DecisionTreeClassifier(class_weight=None, criterion='gini', max_depth=None,
            max_features=None, max_leaf_nodes=None,
            min_impurity_decrease=0.0, min_impurity_split=None,
            min_samples_leaf=1, min_samples_split=2,
            min_weight_fraction_leaf=0.0, presort=False, random_state=0,
            splitter='best')

In [146]:
# Get accuracy
clf.score(x,y)

0.9045

In [183]:
y_pred = clf.predict(x)
pd.Series(y_pred).value_counts()

0    11438
1      562
dtype: int64

In [147]:
list(zip(x.columns,clf.feature_importances_))

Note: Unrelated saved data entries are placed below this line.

(* Let $X$ be a real Hilbert space, let $U$ be a closed affine subspace of $X$ and $V$ a nonempty closed convex subset of $X$, let $T:=T_{U,V}$, $v:=P_{\overline{\operatorname{ran}}(\mathrm{Id}-T)}0$, and assume $v\in\operatorname{ran}(\mathrm{Id}-T)$. Then for every $x\in X$, $P_UT^nx-P_UT^{n+1}x\to0$.
   Context: $T_{U,V}:=\mathrm{Id}-P_U+P_V(2P_U-\mathrm{Id})$, the Douglas–Rachford operator for the normal cones of $U$ and $V$; $P_C$ denotes projection onto $C$. *)

theory Defs
  imports "HOL-Analysis.Analysis"
begin

text \<open>Metric projection onto C (the library's closest_point requires heine_borel,
  i.e. finite dimension, so we use the same definition for a general inner product space).\<close>
definition proj :: "'a::real_inner set \<Rightarrow> 'a \<Rightarrow> 'a" where
  "proj C x = (SOME p. p \<in> C \<and> (\<forall>y\<in>C. dist x p \<le> dist x y))"

definition DR_op :: "'a::real_inner set \<Rightarrow> 'a set \<Rightarrow> 'a \<Rightarrow> 'a" where
  "DR_op U V x = x - proj U x + proj V (2 *\<^sub>R proj U x - x)"

end

theory Submission
  imports Defs
begin

text \<open>The Douglas--Rachford operator T is firmly nonexpansive, so its displacement Id - T is
  monotone and the closure of its range is convex; hence the hypothesis says that the element v of
  least norm in that closure is a displacement v = y - T y. Fejer monotonicity of the orbits with
  respect to the orbit of y then yields (Id - T) T^n x \<longrightarrow> v. Writing p = P_U y and
  q = P_V (2 p - y), one has v = p - q and, by minimality of v, P_U q = p. Since P_U is affine with
  nonexpansive linear part L, P_U T^n x - P_U T^(n+1) x = L ((Id - T) T^n x - v) \<longrightarrow> 0.\<close>

lemma parallelogram_midpoint:
  fixes s t x :: "'a::real_inner"
  shows "norm (s - t)^2 = 2 * norm (x - s)^2 + 2 * norm (x - t)^2 - 4 * norm (x - (1/2) *\<^sub>R (s + t))^2"
  by (simp add: power2_norm_eq_inner inner_diff_left inner_diff_right inner_commute algebra_simps)

lemma nearest_point_exists:
  fixes S :: "'a::{real_inner,complete_space} set"
  assumes "closed S" and "convex S" and "S \<noteq> {}"
  shows "\<exists>p\<in>S. \<forall>y\<in>S. dist x p \<le> dist x y"
proof -
  define d where "d = infdist x S"
  have d_le: "d \<le> dist x y" if "y \<in> S" for y
    unfolding d_def using that by (rule infdist_le)
  have "\<exists>s\<in>S. norm (x - s)^2 < d^2 + 1 / (real n + 1)" for n
  proof -
    have "d < sqrt (d^2 + 1 / (real n + 1))"
      using real_less_rsqrt[of d "d^2 + 1 / (real n + 1)"] by (simp add: add_pos_pos)
    then obtain s where "s \<in> S" "dist x s < sqrt (d^2 + 1 / (real n + 1))"
      using assms(3) unfolding d_def infdist_notempty[OF assms(3)]
      by (subst (asm) cINF_less_iff) auto
    moreover have "(sqrt (d^2 + 1 / (real n + 1)))^2 = d^2 + 1 / (real n + 1)"
      by simp
    ultimately show ?thesis
      by (metis dist_norm norm_ge_zero power_strict_mono zero_less_numeral)
  qed
  then obtain s where s_in: "\<And>n. s n \<in> S"
    and s_close: "\<And>n. norm (x - s n)^2 < d^2 + 1 / (real n + 1)"
    by metis
  \<comment> \<open>midpoints stay in S, so by the parallelogram law a minimizing sequence is Cauchy\<close>
  have s_Cauchy: "Cauchy s"
  proof (rule CauchyI)
    fix e :: real
    assume "e > 0"
    obtain M :: nat where M: "4 / e^2 < real M"
      using reals_Archimedean2 by blast
    have M_bound: "4 / (real M + 1) < e^2"
      using M \<open>e > 0\<close> by (simp add: field_simps) (smt (verit) mult_pos_pos zero_less_power)
    show "\<exists>M. \<forall>m\<ge>M. \<forall>n\<ge>M. norm (s m - s n) < e"
    proof (intro exI allI impI)
      fix m n
      assume "M \<le> m" "M \<le> n"
      have "(1/2) *\<^sub>R (s m + s n) \<in> S"
        using convexD[OF assms(2) s_in s_in, of "1/2" "1/2"] by (simp add: scaleR_add_right)
      then have "d^2 \<le> norm (x - (1/2) *\<^sub>R (s m + s n))^2"
        using d_le infdist_nonneg[of x S] unfolding d_def dist_norm by (simp add: power_mono)
      then have "norm (s m - s n)^2 \<le> 2 / (real m + 1) + 2 / (real n + 1)"
        using parallelogram_midpoint[of "s m" "s n" x] s_close[of m] s_close[of n] by linarith
      also have "\<dots> \<le> 2 / (real M + 1) + 2 / (real M + 1)"
        using \<open>M \<le> m\<close> \<open>M \<le> n\<close> by (intro add_mono divide_left_mono) auto
      also have "\<dots> = 4 / (real M + 1)"
        by simp
      also note M_bound
      finally have "norm (s m - s n)^2 < e^2" .
      then show "norm (s m - s n) < e"
        by (rule power_less_imp_less_base) (use \<open>e > 0\<close> in linarith)
    qed
  qed
  then obtain p where s_lim: "s \<longlonglongrightarrow> p"
    using convergent_eq_Cauchy by blast
  have "p \<in> S"
    using closed_sequentially[OF assms(1)] s_in s_lim by blast
  moreover have "norm (x - p)^2 \<le> d^2"
  proof (rule LIMSEQ_le)
    show "(\<lambda>n. norm (x - s n)^2) \<longlonglongrightarrow> norm (x - p)^2"
      by (intro tendsto_intros s_lim)
    show "(\<lambda>n. d^2 + 1 / (real n + 1)) \<longlonglongrightarrow> d^2"
      using LIMSEQ_inverse_real_of_nat_add[of "d^2"] by (simp add: inverse_eq_divide add.commute)
    show "\<exists>N. \<forall>n\<ge>N. norm (x - s n)^2 \<le> d^2 + 1 / (real n + 1)"
      using s_close less_imp_le by blast
  qed
  then have "dist x p \<le> d"
    unfolding dist_norm by (rule power2_le_imp_le) (simp add: d_def infdist_nonneg)
  ultimately show ?thesis
    using d_le by (meson order_trans)
qed

locale closed_convex_set =
  fixes S :: "'a::{real_inner,complete_space} set"
  assumes closed: "closed S" and convex: "convex S" and nonempty: "S \<noteq> {}"
begin

lemma proj_in: "proj S x \<in> S"
  and proj_nearest: "y \<in> S \<Longrightarrow> dist x (proj S x) \<le> dist x y"
proof -
  have "\<exists>p. p \<in> S \<and> (\<forall>y\<in>S. dist x p \<le> dist x y)"
    using nearest_point_exists[OF closed convex nonempty] by blast
  from someI_ex[OF this] show "proj S x \<in> S" "y \<in> S \<Longrightarrow> dist x (proj S x) \<le> dist x y"
    unfolding proj_def by auto
qed

lemma inner_proj_le:
  assumes "y \<in> S"
  shows "inner (x - proj S x) (y - proj S x) \<le> 0"
proof (rule ccontr)
  define p where "p = proj S x"
  define c where "c = inner (x - p) (y - p)"
  define q where "q = norm (y - p)^2"
  assume "\<not> inner (x - proj S x) (y - proj S x) \<le> 0"
  then have "c > 0"
    unfolding c_def p_def by simp
  then have "q > 0"
    unfolding c_def q_def by (cases "y = p") auto
  \<comment> \<open>moving from p towards y by the step t decreases the distance to x\<close>
  define t where "t = min 1 (c / q)"
  have t: "0 < t" "t \<le> 1" "t * q \<le> c"
    using \<open>c > 0\<close> \<open>q > 0\<close> unfolding t_def by (auto simp: min_def field_simps)
  have "(1 - t) *\<^sub>R p + t *\<^sub>R y \<in> S"
    using convexD[OF convex proj_in assms] t unfolding p_def by simp
  moreover have "x - ((1 - t) *\<^sub>R p + t *\<^sub>R y) = (x - p) - t *\<^sub>R (y - p)"
    by (simp add: algebra_simps)
  ultimately have "norm (x - p) \<le> norm ((x - p) - t *\<^sub>R (y - p))"
    using proj_nearest unfolding p_def dist_norm by metis
  then have "norm (x - p)^2 \<le> norm ((x - p) - t *\<^sub>R (y - p))^2"
    by (simp add: power_mono)
  also have "\<dots> = norm (x - p)^2 - 2 * t * c + t * (t * q)"
    unfolding c_def q_def power2_norm_eq_inner
    by (simp add: inner_diff_left inner_diff_right inner_commute algebra_simps)
  also have "\<dots> < norm (x - p)^2"
    using t \<open>c > 0\<close> mult_left_mono[OF t(3), of t] by simp
  finally show False
    by simp
qed

lemma proj_eqI:
  assumes "p \<in> S" and "\<And>y. y \<in> S \<Longrightarrow> inner (x - p) (y - p) \<le> 0"
  shows "proj S x = p"
proof -
  have "inner (x - p) (proj S x - p) \<le> 0"
    using assms proj_in by blast
  moreover have "inner (x - proj S x) (p - proj S x) \<le> 0"
    using inner_proj_le[OF assms(1)] .
  ultimately have "inner (proj S x - p) (proj S x - p) \<le> 0"
    by (simp add: inner_diff_left inner_diff_right inner_commute algebra_simps)
  then show ?thesis
    using inner_ge_zero[of "proj S x - p"] by simp
qed

lemma proj_idem: "x \<in> S \<Longrightarrow> proj S x = x"
  by (rule proj_eqI) auto

lemma proj_eq_if_nearest:
  assumes "p \<in> S" and "\<And>y. y \<in> S \<Longrightarrow> dist x p \<le> dist x y"
  shows "proj S x = p"
proof -
  define q where "q = proj S x"
  have "norm (x - p) \<le> norm (x - q)"
    using assms(2)[OF proj_in] unfolding q_def by (simp add: dist_norm)
  then have "norm (x - p)^2 \<le> norm (x - q)^2"
    by (simp add: power_mono)
  moreover have "norm (x - p)^2 = norm (x - q)^2 - 2 * inner (x - q) (p - q) + norm (p - q)^2"
    unfolding power2_norm_eq_inner by (simp add: inner_diff_left inner_diff_right inner_commute)
  moreover have "inner (x - q) (p - q) \<le> 0"
    unfolding q_def by (rule inner_proj_le[OF assms(1)])
  ultimately have "norm (p - q)^2 \<le> 0"
    by linarith
  then show ?thesis
    unfolding q_def by simp
qed

lemma proj_firmly_nonexpansive:
  "norm (proj S a - proj S b)^2 \<le> inner (a - b) (proj S a - proj S b)"
proof -
  have "inner (a - proj S a) (proj S b - proj S a) \<le> 0"
    by (rule inner_proj_le[OF proj_in])
  moreover have "inner (b - proj S b) (proj S a - proj S b) \<le> 0"
    by (rule inner_proj_le[OF proj_in])
  ultimately show ?thesis
    by (simp add: power2_norm_eq_inner inner_diff_left inner_diff_right inner_commute algebra_simps)
qed

lemma proj_nonexpansive: "norm (proj S a - proj S b) \<le> norm (a - b)"
proof -
  have "norm (proj S a - proj S b)^2 \<le> norm (a - b) * norm (proj S a - proj S b)"
    using proj_firmly_nonexpansive[of a b] Cauchy_Schwarz_ineq2[of "a - b" "proj S a - proj S b"]
    by linarith
  then show ?thesis
    by (cases "proj S a = proj S b") (auto simp: power2_eq_square mult_le_cancel_right)
qed

lemma reflection_nonexpansive:
  "norm ((2 *\<^sub>R proj S a - a) - (2 *\<^sub>R proj S b - b)) \<le> norm (a - b)"
proof -
  define w where "w = a - b"
  define p where "p = proj S a - proj S b"
  have "(2 *\<^sub>R proj S a - a) - (2 *\<^sub>R proj S b - b) = 2 *\<^sub>R p - w"
    unfolding p_def w_def by (simp add: algebra_simps)
  moreover have "norm (2 *\<^sub>R p - w)^2 = 4 * norm p^2 - 4 * inner w p + norm w^2"
    unfolding power2_norm_eq_inner
    by (simp add: inner_diff_left inner_diff_right inner_commute algebra_simps)
  moreover have "norm p^2 \<le> inner w p"
    unfolding p_def w_def by (rule proj_firmly_nonexpansive)
  ultimately have "norm ((2 *\<^sub>R proj S a - a) - (2 *\<^sub>R proj S b - b))^2 \<le> norm w^2"
    by simp
  then show ?thesis
    unfolding w_def by (rule power2_le_imp_le) simp
qed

[('creation_source', 0.039694848787657736),
 ('opted_in_to_mailing_list', 0.09580302581575088),
 ('enabled_for_marketing_drip', 0.09404878337214993),
 ('org_id', 0.7455448029891558),
 ('invited_adopted', 0.02490853903528568)]

## Answer
As we can the the feature "org_id" plays an important part to predict whether user are "adopted" or not.